Genomic Assembly and Analysis Workflows

The Pathogen Genomics Centers of Excellence (PGCoE) Network is currently conducting a viral respiratory benchmarking study, which aims to compare the results of pathogen genome assembly workflows used across the United States. When complete, the bioinformatics workflows listed below will be annotated according to their applicability for different sequencing platforms and effectiveness for specific pathogens.

Further information on this benchmarking study, including details about the tool we are using to evaluate sequencing results, are available in our benchmarking repository.

PGCoE logo

Pathogen Genome Assembly Workflows

TheiaCoV Workflow Series

A workflow series for genomic characterization of SARS-CoV-2. There are currently five TheiaCoV workflows designed to accommodate different kinds of input data, including sequencing data generated on the Illumina, ONT, and ClearLabs platforms.

TheiaMeta

A workflow series for genomic analysis from metagenomic sequencing, using both reference-based and reference-free approaches.

TheiaProk Workflow Series

A workflow series for genomic characterization of bacterial genomes. There are currently four TheiaProk workflows designed to accommodate different kinds of input data, including sequencing data generated on the Illumina and ONT platforms.

VAPER

Pipeline for assembling viral whole genome sequences from probe enrichment (a.k.a hybrid capture/enrichment), shotgun metagenomic, and tiled-amplicon sequence data.

viral-pipelines

A set of scripts and tools for the assembly and analysis of viral next generation sequencing data. All workflows are also available on the Terra platform.

virus-shotgun

A simple pipeline for metagenomic classification (using Kraken2), assembly, and variant calling from viral sequencing data.

Genomic Analysis Workflows

BigBacter

BigBacter is a bacterial genomic surveillance pipeline to build phylogenetic trees, SNP matrices, and summary statistics, with output generated as MicroReact files. This pipeline also enables users to keep a running archive of genomic clusters that new sequences are added to if they're genomically similar, enabling longitudinal cluster monitoring.

camlhmp

An infrastructure for defining typing schemas for organisms. Current tools developed using this infrastructure include pasty (Pseudomonas aeruginosa serotyper), pbptyper (Streptococcus pneumoniae penicillin binding protein typing), sccmec (Staphylcoccal chromosome cassette mec typing), and tulatyper (Francisella tularensis subtyping), all of which are integrated with Bactopia.

Delphy

A fast, scalable, accurate, and accessible tool for Bayesian phylogenetics with a drag-and-drop interface that requires no local installation or coding.

JUNIPER

A framework for predicting both phylogenies and transmission networks for viral outbreaks, accounting for both within-host variability and incomplete data.

reconstructR

An R package that allows for prediction of transmission events in infectious disease outbreaks and can account for within-host variability.

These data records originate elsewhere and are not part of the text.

lemma dephasing_index:
  assumes \<rho>: "\<rho> \<in> carrier_mat n n" and ab: "a < n" "b < n"
  shows "msum n (\<lambda>x. quad_form \<rho> (basis x) \<cdot>\<^sub>m ketbra (basis x)) (F2 l) $$ (a, b)
       = (\<Sum>c<n. v a * cnj (v b) * cnj (v c) * v (xor c (xor a b)) * \<rho> $$ (c, xor c (xor a b)))
         / of_nat n"
proof -
  let ?w = "\<lambda>c d x. cnj (basis x $ c) * basis x $ d * basis x $ a * cnj (basis x $ b)"
  have "msum n (\<lambda>x. quad_form \<rho> (basis x) \<cdot>\<^sub>m ketbra (basis x)) (F2 l) $$ (a, b)
      = (\<Sum>x\<in>F2 l. \<Sum>c<n. \<Sum>d<n. \<rho> $$ (c, d) * ?w c d x)"
    using ab by (simp add: quad_form_def sum_distrib_left sum_distrib_right mult_ac)
  also have "\<dots> = (\<Sum>c<n. \<Sum>d<n. \<rho> $$ (c, d) * (\<Sum>x\<in>F2 l. ?w c d x))"
    unfolding sum_distrib_left by (subst sum.swap) (rule sum.cong[OF refl], rule sum.swap)
  also have "\<dots> = (\<Sum>c<n. \<rho> $$ (c, xor c (xor a b))
                  * (v a * cnj (v b) * cnj (v c) * v (xor c (xor a b)) / of_nat n))"
    using ab by (simp add: sum_basis4 xor_less_power2 if_distrib cong: if_cong)
  finally show ?thesis
    by (simp add: sum_divide_distrib mult_ac)
qed

lemma twirl_dephases:
  assumes "\<rho> \<in> carrier_mat n n"
  shows "twirl n (gen_group n generators) \<rho>
       = msum n (\<lambda>x. quad_form \<rho> (basis x) \<cdot>\<^sub>m ketbra (basis x)) (F2 l)"
proof (rule eq_matI)
  fix a b
  assume "a < dim_row (msum n (\<lambda>x. quad_form \<rho> (basis x) \<cdot>\<^sub>m ketbra (basis x)) (F2 l))"
    and "b < dim_col (msum n (\<lambda>x. quad_form \<rho> (basis x) \<cdot>\<^sub>m ketbra (basis x)) (F2 l))"
  then have "a < n" "b < n"
    by (simp_all add: msum_def)
  then show "twirl n (gen_group n generators) \<rho> $$ (a, b)
      = msum n (\<lambda>x. quad_form \<rho> (basis x) \<cdot>\<^sub>m ketbra (basis x)) (F2 l) $$ (a, b)"
    by (simp only: twirl_index dephasing_index assms)
qed (simp_all add: twirl_def msum_def)

lemma twirl_channel_output:
  assumes E: "quantum_channel l E"
  shows "\<exists>p :: (nat \<Rightarrow> bool) \<Rightarrow> real.
           (\<forall>x\<in>F2 l. 0 \<le> p x) \<and> (\<Sum>x\<in>F2 l. p x) = 1 \<and>
           twirl n (gen_group n generators) (E (ketbra state))
           = msum n (\<lambda>x. complex_of_real (p x) \<cdot>\<^sub>m (Zvec l x * ketbra state * dag (Zvec l x)))
               (F2 l)"
proof -
  define \<rho> where "\<rho> = E (ketbra state)"
  have \<rho>_carrier: "\<rho> \<in> carrier_mat n n"
    unfolding \<rho>_def by (rule quantum_channel_carrier[OF E ketbra_carrier[OF state_carrier]])
  define p where "p x = Re (quad_form \<rho> (basis x))" for x
  have p: "quad_form \<rho> (basis x) = complex_of_real (p x)" and p_nonneg: "0 \<le> p x" for x
    using quantum_channel_pure_quad_form_nonneg[OF E state_carrier basis_carrier, of x]
    by (auto simp: p_def \<rho>_def)
  have "complex_of_real (\<Sum>x\<in>F2 l. p x) = mtrace \<rho>"
    by (simp add: p[symmetric] sum_quad_form_basis \<rho>_carrier)
  also have "\<dots> = 1"
    unfolding \<rho>_def using E state_carrier
    by (simp add: quantum_channel_trace ketbra_carrier mtrace_ketbra_state)
  finally have p_sum: "(\<Sum>x\<in>F2 l. p x) = 1"
    by (rule of_real_eq_1_iff[THEN iffD1])
  have "Zvec l x * ketbra state * dag (Zvec l x) = ketbra (basis x)" for x
    unfolding basis_def using Zvec_carrier state_carrier by (rule sandwich_ketbra)
  then have "twirl n (gen_group n generators) \<rho>
      = msum n (\<lambda>x. complex_of_real (p x) \<cdot>\<^sub>m (Zvec l x * ketbra state * dag (Zvec l x))) (F2 l)"
    using twirl_dephases[OF \<rho>_carrier] by (simp add: p)
  then show ?thesis
    using p_nonneg p_sum unfolding \<rho>_def by blast
qed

Tip Trait Association Testing (TTAT)

A statistical framework for testing if more closely related taxa on a phylogenetic tree are more likely to share the same trait values than we'd expect just by chance, allowing one to test for association between tree tips and chosen characteristics. There are also features to analyze subregion heterogeneity of viral transmission and track when, where, and how many case introductions occur.